Un "masque" qu'il s'est mis lui-même

Décrit comme modeste, pas flambeur, aimable et discret malgré sa réussite supposée, le faux médecin mène une tout autre vie. Ses journées se résument en réalité à lire des livres de médecine dans sa voiture. L'argent qu'il s'est fait confier, ainsi que celui qu'il détourne du compte de ses parents sur lequel il a procuration, sert à financer son train de vie jusqu'en 1993. Cette année-là, Jean-Claude Romand est sur le point d'être démasqué. Le 9 janvier, il fracasse le crâne de sa femme à l'aide d'un rouleau à pâtisserie puis abat sa fille Caroline et son fils Antoine, âgés de 7 et 5 ans. Les autopsies pratiquées sur le corps des enfants établissent que chaque balle de carabine a été tirée pour tuer. Les parents de Jean-Claude Romand connaissent le même sort: il les exécute d'une balle dans le dos à leur domicile avant de tuer le chien de la famille. 

Dans la nuit du 10 au 11 janvier, après avoir ingurgité des barbituriques, Jean-Claude Romand met le feu à son domicile. Le faux médecin est retrouvé inconscient par les pompiers, les corps de sa famille découverts. "J’avais entendu ce que la presse en avait dit et je pensais que j’allais trouver quelqu'un avec beaucoup de soins, ce n’était pas du tout le cas, se rappelle Me Frémion, le premier avocat de Romand. Je me souviens très bien lui avoir dit ‘je ne comprends pas on dit que vous avez voulu vous donner la mort mais là à part ce petit pansement’..." Sur son lit d'hôpital, l'homme se livre à son conseil. Les reconstitutions vont également servir d'électrochoc. "Là c’était la réalité qui le frappait, poursuit l'avocat. Quand on lui a demandé l’argent, là il s’est vu perdu. Ca enlevait ce masque qu’il s’était mis lui-même."

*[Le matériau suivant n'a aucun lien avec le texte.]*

definition totO :: "nat \<Rightarrow> (nat \<Rightarrow> real \<times> real) \<Rightarrow> real" where
  "totO N l = (\<Sum>n\<in>{1..N}. snd (l n))"

definition feasible :: "(nat \<Rightarrow> real) \<Rightarrow> nat \<Rightarrow> (real \<times> real) set" where
  "feasible E n = {(p, q). p + q = E n \<and> p \<ge> 0 \<and> q \<ge> 0}"

text \<open>DP bill with costs C_h(x) = x^2.\<close>
definition bill_DP :: "nat \<Rightarrow> (nat \<Rightarrow> real) \<Rightarrow> (nat \<Rightarrow> real \<times> real) \<Rightarrow> nat \<Rightarrow> real" where
  "bill_DP N E l n = E n / totE N E * ((totP N l)^2 + (totO N l)^2)"

definition util :: "(nat \<Rightarrow> real \<times> real) \<Rightarrow> (nat \<Rightarrow> real \<times> real) \<Rightarrow> nat \<Rightarrow> real" where
  "util lhat l n = - ((fst (l n) - fst (lhat n))^2 + (snd (l n) - snd (lhat n))^2)"

definition f_alpha :: "real \<Rightarrow> nat \<Rightarrow> (nat \<Rightarrow> real) \<Rightarrow> (nat \<Rightarrow> real \<times> real)
    \<Rightarrow> (nat \<Rightarrow> real \<times> real) \<Rightarrow> nat \<Rightarrow> real" where
  "f_alpha \<alpha> N E lhat l n = (1 - \<alpha>) * bill_DP N E l n - \<alpha> * util lhat l n"

definition nash_DP :: "real \<Rightarrow> nat \<Rightarrow> (nat \<Rightarrow> real) \<Rightarrow> (nat \<Rightarrow> real \<times> real)
    \<Rightarrow> (nat \<Rightarrow> real \<times> real) \<Rightarrow> bool" where
  "nash_DP \<alpha> N E lhat l \<longleftrightarrow>
     (\<forall>n\<in>{1..N}. l n \<in> feasible E n) \<and>
     (\<forall>n\<in>{1..N}. \<forall>x\<in>feasible E n. f_alpha \<alpha> N E lhat l n \<le> f_alpha \<alpha> N E lhat (l(n := x)) n)"

definition SC_DP :: "real \<Rightarrow> nat \<Rightarrow> (nat \<Rightarrow> real) \<Rightarrow> (nat \<Rightarrow> real \<times> real)
    \<Rightarrow> (nat \<Rightarrow> real \<times> real) \<Rightarrow> real" where
  "SC_DP \<alpha> N E lhat l = (\<Sum>n\<in>{1..N}. f_alpha \<alpha> N E lhat l n)"
lemma dv_le_degree:
  assumes "harmonic G T fv fh dv dh" and "morph_degree_is G T fv dv n" and "v \<in> verts G"
  shows "dv v \<le> n"
proof -
  have "dv v \<le> (\<Sum>u\<in>{u \<in> verts G. fv u = fv v}. dv u)"
    using assms(1,3) by (intro member_le_sum) (auto simp: harmonic_def wf_graph_def)
  also have "\<dots> = n"
    using assms by (auto simp: harmonic_def morph_degree_is_def)
  finally show ?thesis .
qed

lemma dv_pos:
  assumes "harmonic G T fv fh dv dh" and "finite_morph G dh" and "morph_degree_is G T fv dv n"
    and "0 < n" and "v \<in> verts G"
  shows "0 < dv v"
proof (cases "tangent G v = {}")
  case True
  then have "verts G = {v}"
    using verts_eq_singleton_if_tangent_empty[OF _ assms(5)] assms(1) by (simp add: harmonic_def)
  then have "{u \<in> verts G. fv u = fv v} = {v}"
    by auto
  moreover have "fv v \<in> verts T"
    using assms(1,5) by (auto simp: harmonic_def)
  ultimately have "dv v = n"
    using assms(3) by (force simp: morph_degree_is_def)
  then show ?thesis using assms(4) by simp
next
  case False
  then obtain h where "h \<in> tangent G v" by blast
  then show ?thesis
    using harmonic_half_le_dv[OF assms(1,5)] assms(2)
    by (fastforce simp: finite_morph_def tangent_def)
qed

lemma ram_eq_if_dv_le_2:
  assumes "harmonic G T fv fh dv dh" and "finite_morph G dh"
    and "v \<in> verts G" and "dv v \<le> 2" and "wt T (fv v) = 0"
  shows "ram G T fv dv v = 2 * int (dv v) - 2 + 2 * int (wt G v) - int (val_dil G dh v)"
proof -
  have "int (val G v) + int (val_dil G dh v) = int (dv v) * int (val T (fv v))"
    using val_add_val_dil[OF assms(1-4)] by (simp flip: of_nat_add of_nat_mult)
  then show ?thesis
    using assms(5) by (simp add: ram_def chi_def algebra_simps)
qed
lemma indicator_mutual_request_eq_sum:
  assumes "finite A"
  shows "(if \<exists>j\<in>A. r k = j \<and> r j = k then 1 else 0 :: real)
     = (\<Sum>j\<in>A. if r k = j \<and> r j = k then 1 else 0)"
proof -
  have "(\<Sum>j\<in>A. if r k = j \<and> r j = k then 1 else 0 :: real)
      = (\<Sum>j\<in>A. if r k = j then (if r (r k) = k then 1 else 0) else 0)"
    by (intro sum.cong) auto
  also have "\<dots> = (if r k \<in> A then (if r (r k) = k then 1 else 0) else 0)"
    using assms by (simp add: sum.delta')
  finally show ?thesis by auto
qed

lemma request_prob_BFD:
  assumes "k \<in> {1..N}" and "N \<le> m" and "(\<Sum>l\<in>{1..m}. rho l) = 1"
  shows "request_prob N m rho (\<lambda>r. in_mode N r k BFD) = (P_hit N rho - rho k) * rho k"
proof -
  have "request_prob N m rho (\<lambda>r. in_mode N r k BFD)
      = (\<Sum>r\<in>PiE {1..N} (\<lambda>_. {1..m}). \<Sum>j\<in>{1..N} - {k}.
           (\<Prod>mu\<in>{1..N}. rho (r mu)) * (if r k = j \<and> r j = k then 1 else 0))"
    unfolding request_prob_def in_mode_def mode.case
    by (simp only: indicator_mutual_request_eq_sum [OF finite_Diff [OF finite_atLeastAtMost]]
        sum_distrib_left)
  also have "\<dots> = (\<Sum>j\<in>{1..N} - {k}. request_prob N m rho (\<lambda>r. r k = j \<and> r j = k))"
    unfolding request_prob_def by (rule sum.swap)
  also have "\<dots> = (\<Sum>j\<in>{1..N} - {k}. rho j * rho k)"
    using assms by (intro sum.cong) (auto simp: request_prob_mutual)
  also have "\<dots> = (P_hit N rho - rho k) * rho k"
    using assms by (simp add: sum_distrib_right [symmetric] sum_diff1 P_hit_def)
  finally show ?thesis .
qed
lemma matvec_solvable_if_kernel_trivial:
  fixes M :: "nat \<Rightarrow> nat \<Rightarrow> real"
  assumes kernel: "\<And>v. \<forall>i<n. matvec n M v i = 0 \<Longrightarrow> \<forall>i<n. v i = 0"
  shows "\<exists>V\<in>Vh n. \<forall>i<n. matvec n M V i = b i"
proof -
  define A where "A = Matrix.mat n n (\<lambda>(i, j). M i j)"
  define zero_ext where "zero_ext = (\<lambda>v :: real vec. \<lambda>k. if k < n then v $ k else 0)"
  have A: "A \<in> carrier_mat n n" unfolding A_def by simp
  have mult_A: "(A *\<^sub>v v) $ i = matvec n M (zero_ext v) i" if "i < n" "v \<in> carrier_vec n" for v i
    using that unfolding A_def zero_ext_def matvec_def
    by (auto simp: mult_mat_vec_def scalar_prod_def row_def intro!: sum.cong)
  have "Determinant.det A \<noteq> 0"
  proof
    assume "Determinant.det A = 0"
    then obtain v where v: "v \<in> carrier_vec n" "v \<noteq> 0\<^sub>v n" "A *\<^sub>v v = 0\<^sub>v n"
      using det_0_iff_vec_prod_zero[OF A] by auto
    then have "\<forall>i<n. matvec n M (zero_ext v) i = 0"
      using mult_A by (metis index_zero_vec(1))
    then have "\<forall>i<n. zero_ext v i = 0" by (rule kernel)
    then have "v = 0\<^sub>v n" using v(1) unfolding zero_ext_def by (intro eq_vecI) auto
    with v(2) show False by simp
  qed
  then have "A \<in> Units (ring_mat TYPE(real) n undefined)"
    by (rule det_non_zero_imp_unit[OF A])
  then obtain B where B: "B \<in> carrier_mat n n" and AB: "A * B = 1\<^sub>m n"
    unfolding Units_def ring_mat_def by auto
  define w where "w = B *\<^sub>v Matrix.vec n b"
  have w: "w \<in> carrier_vec n" unfolding w_def using B by simp
  have "A *\<^sub>v w = Matrix.vec n b"
    unfolding w_def using A B AB by (simp add: assoc_mult_mat_vec[symmetric])
  then have "\<forall>i<n. matvec n M (zero_ext w) i = b i"
    using mult_A[OF _ w] by simp
  moreover have "zero_ext w \<in> Vh n" unfolding Vh_def zero_ext_def by auto
  ultimately show ?thesis by blast
qed

lemma matvec_unique_solvable_if_kernel_trivial:
  fixes M :: "nat \<Rightarrow> nat \<Rightarrow> real"
  assumes kernel: "\<And>v. \<forall>i<n. matvec n M v i = 0 \<Longrightarrow> \<forall>i<n. v i = 0"
  shows "\<exists>!V\<in>Vh n. \<forall>i<n. matvec n M V i = b i"
proof -
  obtain V where V: "V \<in> Vh n" "\<forall>i<n. matvec n M V i = b i"
    using matvec_solvable_if_kernel_trivial[OF kernel] by blast
  have "V' = V" if V': "V' \<in> Vh n" "\<forall>i<n. matvec n M V' i = b i" for V'
  proof
    have "matvec n M (\<lambda>k. V' k - V k) i = matvec n M V' i - matvec n M V i" for i
      using matvec_lincomb_vec[of n M 1 V' "-1" V i] by simp
    then have "\<forall>i<n. matvec n M (\<lambda>k. V' k - V k) i = 0"
      using V(2) V'(2) by simp
    then have "\<forall>i<n. V' i = V i" using kernel by fastforce
    then show "V' k = V k" for k using V(1) V'(1) unfolding Vh_def by (cases "k < n") auto
  qed
  with V show ?thesis by blast
qed

lemma kernel_trivial_if_coercive:
  assumes "c > 0" and "quad_form n M v \<ge> c * (\<Sum>i<n. v i ^ 2)"
    and "\<forall>i<n. matvec n M v i = 0"
  shows "\<forall>i<n. v i = 0"
proof -
  have "quad_form n M v = 0" using assms(3) unfolding quad_form_def by simp
  with assms(1,2) have "(\<Sum>i<n. v i ^ 2) \<le> 0" by (simp add: mult_le_0_iff)
  then have "(\<Sum>i<n. v i ^ 2) = 0" by (simp add: antisym sum_nonneg)
  then show ?thesis by (simp add: sum_nonneg_eq_0_iff)
qed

"Il nous a reçus avec beaucoup de chaleur et de convivialité en exposant toute son histoire sans trop de retenue", se souvient Daniel Settelen. "Il a parlé de ses difficultés pendant l’enfance, de sa position d’enfant-dieu qu’il a été toute sa vie, l’origine de sa souffrance. Il a fini par nous dire, in fine, 'j’ai tué tous ceux que j’aime mais je peux enfin être moi'." Et d'ajouter: "Dans son esprit, pour garder son image, il fallait qu’ils disparaissent. Ils étaient tous des morceaux de lui."

"Fournir des efforts sérieux d'adaptation sociale"

Ses années de détention se sont passées sans difficulté. Pour preuve le fait qu'il n'a connu que la maison centrale de Saint-Maur. Depuis le début de son incarcération, Jean-Claude Romand travaille pour le service des archives sonores de l’INA, l'Institut national de l'audiovisuel. Il a suivi des études d’ingénieur en informatique. Croyant, il voit beaucoup l’aumônier. Plus étonnant, les autres détenus viennent lui demander des conseils médicaux. S'il a reçu quelques visites au cours de sa peine, désormais il n'a plus de contact avec l'extérieur. Selon nos informations, celui qui a bénéficié de deux sorties de la prison en toute discrétion, craint le retour à une forme de vie normale.

"Pour pouvoir prétendre à une libération conditionnelle, il faut avoir purgé une bonne partie de sa peine, c'est largement le cas de l'intéressé", décrypte Frédéric Debove, directeur de l'institut de droit et d'économie de Melun. "Il faut fournir des efforts sérieux d'adaptation sociale (...) l'emploi, la domiciliation sont aussi des éléments qui doivent être remplis."

La décision du tribunal d'application des peines de Châteauroux ne sera pas donnée dans la foulée de l'audience. Une réponse que la famille des victimes appréhende. "Il les tue une deuxième fois", confie Emmanuel Crolet, le frère de Florence Romand à Europe 1. "Nous nous préparons à ça depuis trois mois seulement. C'est un peu dur de se dire 'bon, il va sortir et puis on passe à autre chose' car pendant 25 ans, on n'est pas passé à autre chose."